MEDIUM SSRF via Unrestricted URL Fetch in Download Command -12 ▶
handle_download() issues urllib.request.urlopen() to any pdf_url present in the search result JSON. Since the agent can construct or receive search result JSON with attacker-controlled pdf_url values, this allows Server-Side Request Forgery against internal services (metadata endpoints, container runtimes, intranet APIs) reachable from the host running the agent.
MEDIUM Arbitrary Directory Traversal in Analyze Command -15 ▶
The directory parameter of the analyze command is passed directly to os.listdir() without canonicalization, realpath normalization, or a chroot/base-path check. An agent or user providing directory='/' or directory='../../etc' would enumerate and attempt PDF processing on any readable path on the filesystem, leaking directory listings through error messages and potentially processing non-PDF files if they contain readable text.

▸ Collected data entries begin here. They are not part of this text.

lemma unit_periodic_range: "unit_periodic g \<Longrightarrow> range g = g ` {0..1}"
proof
  show "range g \<subseteq> g ` {0..1}" if "unit_periodic g"
  proof
    fix y assume "y \<in> range g"
    then obtain x where "y = g x" by blast
    moreover have "frac x \<in> {0..1}" using frac_lt_1[of x] by simp
    ultimately show "y \<in> g ` {0..1}" using unit_periodic_frac[OF that] by (metis image_eqI)
  qed
qed auto

lemma unit_periodic_deriv:
  fixes g :: "real \<Rightarrow> real"
  assumes "unit_periodic g"
  shows "unit_periodic (deriv g)"
proof -
  have "(g has_real_derivative D) (at (x + 1)) \<longleftrightarrow> (g has_real_derivative D) (at x)" for x D
    using DERIV_shift[of g D x 1] assms by (simp add: unit_periodic_def)
  then show ?thesis by (simp add: unit_periodic_def deriv_def)
qed

lemma unit_periodic_dp: "unit_periodic (\<lambda>q. f q t) \<Longrightarrow> unit_periodic (\<lambda>q. dp f q t)"
  using unit_periodic_deriv[of "\<lambda>q. f q t"] by (simp add: dp_def[abs_def])

section \<open>A maximum principle for periodic functions\<close>

lemma deriv2_nonpos_at_max:
  fixes f f' :: "real \<Rightarrow> real"
  assumes f': "\<And>x. (f has_real_derivative f' x) (at x)"
    and f'': "(f' has_real_derivative f'') (at a)"
    and max: "\<And>x. f x \<le> f a"
  shows "f'' \<le> 0"
proof (rule ccontr)
  assume "\<not> f'' \<le> 0"
  have "f' a = 0"
    using DERIV_local_max[OF f'[of a] zero_less_one] max by blast
  obtain d where "d > 0" and incr: "\<And>h. 0 < h \<Longrightarrow> h < d \<Longrightarrow> f' a < f' (a + h)"
    using DERIV_pos_inc_right[OF f''] \<open>\<not> f'' \<le> 0\<close> by force
  obtain z where z: "a < z" "z < a + d/2" and mvt: "f (a + d/2) - f a = (a + d/2 - a) * f' z"
    using MVT2[of a "a + d/2" f f'] f' \<open>d > 0\<close> by auto
  have "0 < f' z" using incr[of "z - a"] z \<open>f' a = 0\<close> by simp
  then have "0 < (a + d/2 - a) * f' z" using \<open>d > 0\<close> by simp
  then have "f a < f (a + d/2)" using mvt by linarith
  with max show False by (meson not_le)
qed

lemma isCont_le_of_less_left:
  fixes g :: "real \<Rightarrow> real"
  assumes "isCont g b" "a < b" "\<And>s. a < s \<Longrightarrow> s < b \<Longrightarrow> g s < c"
  shows "g b \<le> c"
proof (rule tendsto_upperbound)
  show "(g \<longlongrightarrow> g b) (at_left b)"
    using assms(1) by (simp add: isCont_def filterlim_at_split)
  show "\<forall>\<^sub>F s in at_left b. g s \<le> c"
    using eventually_at_left_real[OF assms(2)] by eventually_elim (simp add: assms(3) less_imp_le)
qed simp

lemma continuous_on_slice:
  assumes "continuous_on (UNIV \<times> I) (\<lambda>(p, t). F p t)" "t \<in> I"
  shows "continuous_on A (\<lambda>q. F q t)"
  by (rule continuous_on_compose2[OF assms(1), of A "\<lambda>q. (q, t)", simplified])
    (use assms(2) in \<open>auto intro!: continuous_intros\<close>)

text \<open>\<^const>\<open>frac\<close> moves every point into the compact window \<open>[0, 1] \<times> [0, t1]\<close>.\<close>

lemma first_time_reaching:
  fixes F :: "real \<Rightarrow> real \<Rightarrow> real"
  assumes cont: "continuous_on (UNIV \<times> {0..t1}) (\<lambda>(p, t). F p t)"
    and per: "\<And>t. 0 \<le> t \<Longrightarrow> t \<le> t1 \<Longrightarrow> unit_periodic (\<lambda>q. F q t)"
    and reach: "c \<le> F p1 t1" "0 \<le> t1"
  obtains ps ts where "0 \<le> ts" "ts \<le> t1" "c \<le> F ps ts"
    "\<And>q s. 0 \<le> s \<Longrightarrow> s < ts \<Longrightarrow> F q s < c"
proof -
  define K :: "(real \<times> real) set" where "K = {0..1} \<times> {0..t1}"
  define S where "S = {z \<in> K. c \<le> F (fst z) (snd z)}"
  have frac_in_K: "(frac q, s) \<in> K" if "0 \<le> s" "s \<le> t1" for q s
    using that frac_lt_1[of q] by (simp add: K_def)
  have "continuous_on K (\<lambda>z. F (fst z) (snd z))"
    using continuous_on_subset[OF cont, of K] by (auto simp: K_def split_beta')
  then have "closed S"
    unfolding S_def by (rule continuous_on_closed_Collect_le[OF continuous_on_const])
      (simp add: K_def closed_Times)
  then have "compact S"
    using compact_Int_closed[of K S] by (simp add: K_def compact_Times S_def Int_absorb1)
  moreover have "(frac p1, t1) \<in> S"
    using reach per[of t1] unit_periodic_frac[of "\<lambda>q. F q t1" p1] frac_in_K
    by (simp add: S_def)
  ultimately obtain z where "z \<in> S" and first: "\<And>y. y \<in> S \<Longrightarrow> snd z \<le> snd y"
    using continuous_attains_inf[of S snd] continuous_on_snd[OF continuous_on_id] by blast
  show thesis
  proof
    show "0 \<le> snd z" "snd z \<le> t1" "c \<le> F (fst z) (snd z)"
      using \<open>z \<in> S\<close> by (auto simp: S_def K_def)
    show "F q s < c" if "0 \<le> s" "s < snd z" for q s
    proof (rule ccontr)
      assume "\<not> F q s < c"
      then have "(frac q, s) \<in> S"
        using that \<open>snd z \<le> t1\<close> per[of s] unit_periodic_frac[of "\<lambda>q. F q s" q] frac_in_K
        by (simp add: S_def)
      with first that show False by fastforce
    qed
  qed
qed

lemma periodic_max_principle:
  fixes F Fp Fpp Ft :: "real \<Rightarrow> real \<Rightarrow> real"
  assumes cont: "continuous_on (UNIV \<times> {0..<T}) (\<lambda>(p, t). F p t)"
    and per: "\<And>t. 0 \<le> t \<Longrightarrow> t < T \<Longrightarrow> unit_periodic (\<lambda>q. F q t)"
    and Fp: "\<And>p t. 0 \<le> t \<Longrightarrow> t < T \<Longrightarrow> ((\<lambda>q. F q t) has_real_derivative Fp p t) (at p)"
    and Fpp: "\<And>p t. 0 \<le> t \<Longrightarrow> t < T \<Longrightarrow> ((\<lambda>q. Fp q t) has_real_derivative Fpp p t) (at p)"
    and Ft: "\<And>p t. 0 < t \<Longrightarrow> t < T \<Longrightarrow> ((\<lambda>s. F p s) has_real_derivative Ft p t) (at t)"
    and decreasing: "\<And>p t. 0 < t \<Longrightarrow> t < T \<Longrightarrow> a < F p t \<Longrightarrow> Fp p t = 0 \<Longrightarrow>
      Fpp p t \<le> 0 \<Longrightarrow> Ft p t < 0"
    and t1: "0 \<le> t1" "t1 < T"
  shows "F p1 t1 \<le> max a (SUP q. F q 0)"
proof (rule ccontr)
  define c where "c = F p1 t1"
  assume "\<not> F p1 t1 \<le> max a (SUP q. F q 0)"
  then have above: "max a (SUP q. F q 0) < c" unfolding c_def by (rule not_le_imp_less)
  have "compact ((\<lambda>q. F q 0) ` {0..1})"
    using t1 by (intro compact_continuous_image continuous_on_slice[OF cont]) auto
  then have "bdd_above (range (\<lambda>q. F q 0))"
    using unit_periodic_range[OF per[of 0]] t1
    by (simp add: compact_imp_bounded bounded_imp_bdd_above)
  then have initial: "F q 0 < c" for q
    using cSUP_upper[of q UNIV "\<lambda>q. F q 0"] above by simp
  have cont1: "continuous_on (UNIV \<times> {0..t1}) (\<lambda>(p, t). F p t)"
    by (rule continuous_on_subset[OF cont]) (use t1 in auto)
  have per1: "unit_periodic (\<lambda>q. F q t)" if "0 \<le> t" "t \<le> t1" for t
    using per that t1 by simp
  obtain ps ts where ts: "0 \<le> ts" "ts \<le> t1" and "c \<le> F ps ts"
    and before: "\<And>q s. 0 \<le> s \<Longrightarrow> s < ts \<Longrightarrow> F q s < c"
    by (rule first_time_reaching[OF cont1 per1 _ t1(1), of c p1]) (auto simp: c_def)
  have "ts \<noteq> 0" using \<open>c \<le> F ps ts\<close> initial[of ps] by auto
  with ts t1 have ts_pos: "0 < ts" "ts < T" by auto
  have below_c: "F q ts \<le> c" for q
    using isCont_le_of_less_left[OF DERIV_isCont[OF Ft[OF ts_pos]] ts_pos(1)] before by simp
  then have at_c: "F ps ts = c"
    using \<open>c \<le> F ps ts\<close> by (simp add: order_antisym)
  have max: "F q ts \<le> F ps ts" for q
    using below_c at_c by simp
  have "Fp ps ts = 0"
    using DERIV_local_max[OF Fp zero_less_one] max ts_pos by auto
  moreover have "Fpp ps ts \<le> 0"
    using deriv2_nonpos_at_max[OF Fp Fpp max] ts_pos by auto
  ultimately have "Ft ps ts < 0"
    using decreasing[OF ts_pos] at_c above by simp
  then obtain d where "0 < d" and dec: "\<And>h. 0 < h \<Longrightarrow> h < d \<Longrightarrow> F ps ts < F ps (ts - h)"
    using DERIV_neg_dec_left[OF Ft[OF ts_pos]] by blast
  define h where "h = min (d/2) (ts/2)"
  have "0 < h" "h < d" "0 \<le> ts - h" "ts - h < ts"
    using \<open>0 < d\<close> ts_pos by (auto simp: h_def)
  then show False
    using dec[of h] before[of "ts - h" ps] at_c by simp
qed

MEDIUM Unsanitized Author Name in Filesystem Path Construction -8 ▶
When constructing the download filename, the code uses authors[0] directly without sanitization, while only the title is regex-filtered. An attacker who can inject a paper with authors=['../../../tmp/evil'] into the search results can cause arbitrary write-path traversal when the agent invokes download.
LOW Plaintext API Credentials Co-located with Skill Files -5 ▶
config.json ships with placeholder values for ZOTERO_API_KEY, ZOTERO_USER_ID, and the OpenAI API key. Users are instructed to fill in live credentials. This file sits in the skill directory with mode 0100664, readable by the executing user and any group member. Compromise of the skill directory (e.g., via path traversal in another skill) exposes live credentials.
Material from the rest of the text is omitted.